Monday, March 31, 2014

Oh no! Dust on snow

Yesterday, we got a brief and silty taste of the Dirty Thirties when a major dust storm blew over Crested Butte.  Scarp Ridge recorded wind speeds of 110 mph (the highest of the season), and these winds brought with them a sizeable chunk of Moab.
Dust-ageddon in Crested Butte on March 30, 2014.  Photo credit: Matt Hogan

How will this dust on snow event affect snow stability and avalanches?   Lets start with a key concept: albedo.   Albedo is how reflective a surface is.  White colors have a high albedo -- they reflect a high amount of radiation energy rather than absorb it. That is why you reach for a light colored T-shirt if you're going outside on a hot sunny day instead of a black T-shirt.  Fresh snow has a very high albedo and it reflects most incoming solar energy. (So thats why my mom always made me double up on sunscreen when I went skiing!)  On the other hand, the dark-colored dust more readily absorbs solar energy and heat, and also retains that heat longer.

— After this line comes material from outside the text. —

(* Let $D_K$ be a relative $K$-entropy satisfying Properties (a), (b), (c) and (d) below, and let $H_K$ be the associated conditional entropy, defined by one of the two forms below. Then for every POVM $X=\{X_j\}$ on $\mathcal{H}_A$ and every density operator $\rho_{AB}$, $H_K(X|B)\ge0$, with equality if the operators $\mathrm{Tr}_A(X_j\rho_{AB})$ (for the different $j$) have mutually orthogonal supports.
   Context: All Hilbert spaces are finite-dimensional; $\log$ has an arbitrary but fixed base. A relative $K$-entropy $D_K$ assigns to every pair $(S,T)$ of positive semidefinite operators on a common Hilbert space an extended real number $D_K(S\|T)$. Properties: (a) for every trace-preserving completely positive map $\mathcal{E}$ (possibly between different spaces), $D_K(\mathcal{E}(S)\|\mathcal{E}(T))\le D_K(S\|T)$; (b) for positive semidefinite $S,T$ on $\mathcal{H}$ and $T'$ on $\mathcal{H}'$, $D_K(S\oplus 0\,\|\,T\oplus T')=D_K(S\|T)$; (c) for every constant $c>0$, $D_K(S\|cT)=D_K(S\|T)+\log\frac1c$; (d) $D_K(\rho\|\rho)=0$ for every density operator $\rho$. The conditional $K$-entropy of a density operator $\rho_{AB}$ is either $H_K(A|B)=-D_K(\rho_{AB}\|\mathbb{1}_A\otimes\rho_B)$ for all $\rho_{AB}$, or $H_K(A|B)=\max_{\sigma_B}[-D_K(\rho_{AB}\|\mathbb{1}_A\otimes\sigma_B)]$ for all $\rho_{AB}$, maximum over density operators $\sigma_B$. For a POVM $X=\{X_j\}$ on $\mathcal{H}_A$ ($X_j\ge0$, $\sum_jX_j=\mathbb{1}$), let $\mathcal{X}:\rho_A\mapsto\sum_j|j\rangle\langle j|_X\,\mathrm{Tr}(X_j\rho_A)$ with $\{|j\rangle\}$ orthonormal in a register $\mathcal{H}_X$; $H_K(X|B)$ denotes $H_K$ of the state $(\mathcal{X}\otimes\mathcal{I})(\rho_{AB})$ (register $X$ given $B$). *)

theory Defs
  imports Complex_Main "HOL-Library.Extended_Real" "Jordan_Normal_Form.Matrix"
begin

Pristine snow reflects radiation more effectively than dusty snow.  Courtesy of Jeff Deems.
Dusty snow can absorb two or three times the solar energy of a clean snowpack.  Whenever dust is near the surface of the snow (even when its buried up to a foot deep), it amplifies the rate of surface warming, increasing the amount of snowmelt and weakening the snow around it.   This leads to more frequent loose wet avalanches.  Intense melt rates send freewater deeper into the snowpack, which can also compromise the strength of deeply buried weak layers, causing an increased likelihood of wet slab avalanches.  Both of these problems, with or without dust, can be avoided by monitoring how well the snowpack refreezes at night and getting off of slopes before they thaw too much.  Dust on the snow simply shortens that window of stable snow and may prevent good overnight refreezes in some situations.
Snirt.  Snow+Dirt.   Photo taken March 31, 2014 near Crested Butte.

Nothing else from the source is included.